Moreover, real-world deployment may face practical constraints related to computational resource availability, especially for smaller organizations lacking GPU-equipped infrastructure. High encryption and trust-evaluation overheads can introduce latency during large-scale model aggregation. These challenges can be mitigated by leveraging hierarchical aggregation layers, adaptive participation scheduling, and lightweight encryption primitives to maintain efficiency under limited-resource conditions.
Quality of Contributed Intelligence:
System effectiveness depends on the richness and representativeness of shared intelligence. Entities with limited exposure or weaker security maturity may contribute less, influencing overall learning quality. Incentive mechanisms that promote active participation and higher data quality constitute an important direction for enhancement.
Advanced Threat Coverage:
Although the framework performs well across multiple threat classes, zero-day exploits and advanced persistent threats continue to pose significant challenges. Continuous exposure to diverse intelligence and improved anomaly detection modules are essential for extending detection capabilities.
Operational Insights:
Real-world implementation reveals performance variation across domains. Critical-infrastructure environments benefit most from strong trust relationships and data reliability, whereas cross-sector deployments face challenges in data format heterogeneity and differing security priorities. The privacy-utility trade-off may shift under distinct regulatory settings, emphasising the need for adaptive privacy budgeting.

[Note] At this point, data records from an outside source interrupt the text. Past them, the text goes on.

lemma power_series_moment_le_deriv:
  fixes a :: "nat \<Rightarrow> real"
  assumes nonneg: "\<And>q. 0 \<le> a q" and a: "a sums 1"
    and deriv: "((\<lambda>y. \<Sum>q. a q * y ^ q) has_real_derivative D) (at 1 within {-1..1})"
  shows "summable (\<lambda>q. real q * a q)" and "(\<Sum>q. real q * a q) \<le> D"
proof -
  define P where "P y = (\<Sum>q. a q * y ^ q)" for y :: real
  have P1: "P 1 = 1" using a by (simp add: P_def sums_iff)
  have quotient: "((\<lambda>y. (P y - P 1) / (y - 1)) \<longlongrightarrow> D) (at_left 1)"
    using deriv by (simp add: P_def[abs_def] has_field_derivative_iff at_within_Icc_at_left)
  have partial: "(\<Sum>q<N. real q * a q) \<le> D" for N
  proof (rule tendsto_le[OF trivial_limit_at_left_real quotient])
    have "((\<lambda>y. (y ^ q - 1) / (y - 1)) \<longlongrightarrow> real q) (at_left 1)" for q
      using DERIV_pow[of q 1 "{..<1}"] by (simp add: has_field_derivative_iff)
    then show "((\<lambda>y. \<Sum>q<N. (y ^ q - 1) / (y - 1) * a q) \<longlongrightarrow> (\<Sum>q<N. real q * a q)) (at_left 1)"
      by (intro tendsto_sum tendsto_mult_right)
    show "\<forall>\<^sub>F y in at_left 1. (\<Sum>q<N. (y ^ q - 1) / (y - 1) * a q) \<le> (P y - P 1) / (y - 1)"
      using eventually_at_left_one_in_unit_interval
    proof eventually_elim
      case (elim y)
      then have y: "y \<in> {-1..1}" by auto
      have "(\<Sum>q<N. a q * (1 - y ^ q)) \<le> 1 - P y"
        unfolding P_def using power_series_one_minus_sums[OF nonneg a y]
        by (rule sum_le_sums) (simp_all add: power_series_one_minus_terms_nonneg[of a, OF nonneg y])
      then have "(\<Sum>q<N. a q * (1 - y ^ q)) / (1 - y) \<le> (1 - P y) / (1 - y)"
        using elim by (intro divide_right_mono) auto
      moreover have "(\<Sum>q<N. (y ^ q - 1) / (y - 1) * a q) = (\<Sum>q<N. a q * (1 - y ^ q)) / (1 - y)"
        using elim by (simp add: sum_divide_distrib) (intro sum.cong; simp add: field_simps)
      moreover have "(P y - P 1) / (y - 1) = (1 - P y) / (1 - y)"
        using elim P1 by (simp add: field_simps)
      ultimately show ?case by simp
    qed
  qed
  show moment: "summable (\<lambda>q. real q * a q)"
    using nonneg partial by (intro summableI_nonneg_bounded) auto
  show "(\<Sum>q. real q * a q) \<le> D" using suminf_le_const[OF moment partial] .
qed
theorem corollary3:
  fixes n_dummy :: "real ^ 'n"
  shows "(\<forall>t::real. t > 0 \<longrightarrow>
            ideal_types (age_ge t (UNIV :: (real ^ 'n) set) dist) \<and>
            \<not> (\<exists>(M :: 'b set) (d :: 'b \<Rightarrow> 'b \<Rightarrow> real).
                  Metric_space M d \<and> age M d = age_ge t (UNIV :: (real ^ 'n) set) dist))
       \<and> (\<forall>A :: real set. A \<subseteq> {0<..} \<and> A \<prec> (UNIV :: real set) \<longrightarrow>
            ideal_types (age_avoid A (UNIV :: (real ^ 'n) set) dist) \<and>
            (\<exists>Y :: (real ^ 'n) set. age Y dist = age_avoid A (UNIV :: (real ^ 'n) set) dist))"
proof (intro conjI allI impI)
  fix t :: real
  assume "t > 0"
  show "ideal_types (age_ge t (UNIV :: (real ^ 'n) set) dist)"
    by (rule ideal_types_age_ge)
  show "\<not> (\<exists>(M :: 'b set) d. Metric_space M d \<and> age M d = age_ge t (UNIV :: (real ^ 'n) set) dist)"
    using age_ne_age_ge[OF \<open>t > 0\<close>] by blast
next
  fix A :: "real set"
  assume "A \<subseteq> {0<..} \<and> A \<prec> (UNIV :: real set)"
  then obtain Y :: "(real ^ 'n) set" where Y: "age Y dist = age_avoid A (UNIV :: (real ^ 'n) set) dist"
    using ex_age_eq_age_avoid by blast
  show "ideal_types (age_avoid A (UNIV :: (real ^ 'n) set) dist)"
    unfolding Y[symmetric] by (rule ideal_types_age[OF Metric_space_dist])
  show "\<exists>Y :: (real ^ 'n) set. age Y dist = age_avoid A (UNIV :: (real ^ 'n) set) dist"
    using Y by blast
qed

end
(* Let $\Gamma$ be a finite metric tree and let $f\colon\Gamma\to[0,\infty)$ be a continuous edge-linear function. Any unimodal decomposition of $f$ can be modified, without changing the number of components, to a unimodal decomposition of $f$ in which every component attains its maximum at a vertex of $\Gamma$.
   Context: A finite metric tree $\Gamma$ is a compact contractible 1-dimensional metric space stratified into finitely many vertices and open edges. A function is edge-linear if its restriction to each edge is affine with respect to the edge's metric. A continuous function $u\colon\Gamma\to[0,\infty)$ with maximal value $M$ is unimodal if its upper excursion sets $u^{-1}([c,\infty))$ are contractible for all $0<c\le M$ (and empty for $c>M$). A unimodal decomposition of $f$ is a finite family of unimodal functions whose pointwise sum is $f$. *)

theory Defs
  imports "HOL-Analysis.Analysis"
begin

text \<open>Each edge is given as a pair
(l, g) where l > 0 is its length and g restricted to the interval from 0 to l is
an isometric chart of the closed edge with respect to the edge's metric (hence a
homeomorphism of the interval onto the closed edge, i.e. an arc), whose endpoints
are vertices; the open edge is the image of the open interval.\<close>

definition open_edge :: "real \<times> (real \<Rightarrow> 'a) \<Rightarrow> 'a set" where
  "open_edge e = snd e ` {0<..<fst e}"

definition finite_metric_tree ::
  "('a::metric_space) set \<Rightarrow> 'a set \<Rightarrow> (real \<times> (real \<Rightarrow> 'a)) set \<Rightarrow> bool" where
  "finite_metric_tree S V E \<longleftrightarrow>
     compact S \<and> contractible S \<and> finite V \<and> finite E \<and> V \<subseteq> S \<and>
     (\<forall>(l, g) \<in> E. 0 < l \<and> continuous_on {0..l} g \<and> inj_on g {0..l} \<and>
        g ` {0..l} \<subseteq> S \<and> g 0 \<in> V \<and> g l \<in> V \<and> g ` {0<..<l} \<inter> V = {}) \<and>
     (\<forall>e1 \<in> E. \<forall>e2 \<in> E. e1 \<noteq> e2 \<longrightarrow> open_edge e1 \<inter> open_edge e2 = {}) \<and>
     S = V \<union> (\<Union>e \<in> E. open_edge e)"

definition edge_linear :: "(real \<times> (real \<Rightarrow> 'a)) set \<Rightarrow> ('a \<Rightarrow> real) \<Rightarrow> bool" where
  "edge_linear E f \<longleftrightarrow>
     (\<forall>(l, g) \<in> E. \<exists>a b. \<forall>t \<in> {0..l}. f (g t) = a * t + b)"

definition unimodal :: "('a::metric_space) set \<Rightarrow> ('a \<Rightarrow> real) \<Rightarrow> bool" where
  "unimodal S u \<longleftrightarrow>
     continuous_on S u \<and> (\<forall>x \<in> S. 0 \<le> u x) \<and>
     (\<exists>M. (\<exists>x \<in> S. u x = M) \<and> (\<forall>x \<in> S. u x \<le> M) \<and>
        (\<forall>c. 0 < c \<and> c \<le> M \<longrightarrow> contractible {x \<in> S. c \<le> u x}) \<and>
        (\<forall>c. M < c \<longrightarrow> {x \<in> S. c \<le> u x} = {}))"

definition unimodal_decomposition ::
  "('a::metric_space) set \<Rightarrow> ('a \<Rightarrow> real) \<Rightarrow> nat \<Rightarrow> (nat \<Rightarrow> 'a \<Rightarrow> real) \<Rightarrow> bool" where
  "unimodal_decomposition S f n us \<longleftrightarrow>
     (\<forall>i < n. unimodal S (us i)) \<and> (\<forall>x \<in> S. f x = (\<Sum>i<n. us i x))"

end

theory Submission
  imports Defs
begin

(* Replace the components, one edge at a time, by the linear interpolation of their values at
   the endpoints of the edge; as f is affine on the edge, the sum is still f.  Removing an
   interior point of an edge disconnects the tree (a continuous logarithm of a map winding once
   around the circle along the edge witnesses this), so a unimodal function, whose superlevel
   sets are connected, is quasiconcave along each edge.  Hence a superlevel set meets the closed
   edge in a subarc, and passing to the interpolation changes it only by an arc attached at one
   endpoint, which preserves contractibility; a subarc inside the open edge cannot occur, as the
   superlevel set is connected and meets the rest of the tree.  Once every component is affine
   on every edge, its maximum is attained at a vertex. *)

section \<open>Contractible metric spaces\<close>

text \<open>Continuous logarithms are available on contractible subsets of normed spaces; the Kuratowski
  embedding, an isometry into the bounded continuous functions, transfers them to arbitrary
  metric spaces.\<close>

definition kuratowski_embedding :: "'a::metric_space \<Rightarrow> 'a \<Rightarrow> ('a \<Rightarrow>\<^sub>C real)" where
  "kuratowski_embedding a x = Bcontfun (\<lambda>y. dist x y - dist a y)"

lemma abs_dist_diff_le_dist:
  fixes x x' y :: "'a::metric_space"
  shows "\<bar>dist x y - dist x' y\<bar> \<le> dist x x'"
  using abs_dist_diff_le[of x y x'] by (simp add: dist_commute)

lemma apply_kuratowski_embedding:
  "apply_bcontfun (kuratowski_embedding a x) = (\<lambda>y. dist x y - dist a y)"
proof -
  have "bounded (range (\<lambda>y. dist x y - dist a y))"
    by (auto simp: bounded_iff intro!: exI[of _ "dist x a"] abs_dist_diff_le_dist)
  then have "(\<lambda>y. dist x y - dist a y) \<in> bcontfun"
    unfolding bcontfun_def by (simp add: continuous_on_diff continuous_on_dist)
  then show ?thesis
    unfolding kuratowski_embedding_def by (simp add: Bcontfun_inverse)
qed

Efficiency Considerations:
Communication optimization through trust-weighted participant selection and secure aggregation significantly reduces overhead compared with standard FL. While trust management adds computation, this cost is offset by improved convergence and resilience in real deployments.
Extensibility and Future Work:
The modular design allows easy integration of emerging technologies such as homomorphic encryption and secure multi-party computation, further enhancing privacy without compromising efficiency. Incorporating advanced consensus and blockchain mechanisms could strengthen transparency and auditability. Standardising interoperability protocols for federated cybersecurity collaboration would facilitate widespread industrial adoption. Future research will focus on automated trust-setup schemes, lightweight adaptations for constrained devices, cross-domain transfer learning, and improved detection of zero-day threats using advanced anomaly-based analytics.
In summary, TrustFed-CTI delivers a unified, scalable, and privacy-preserving framework that strengthens federated CTI collaboration. It maintains high performance under adversarial conditions, provides measurable privacy guarantees, and establishes a practical foundation for secure multi-organizational intelligence sharing.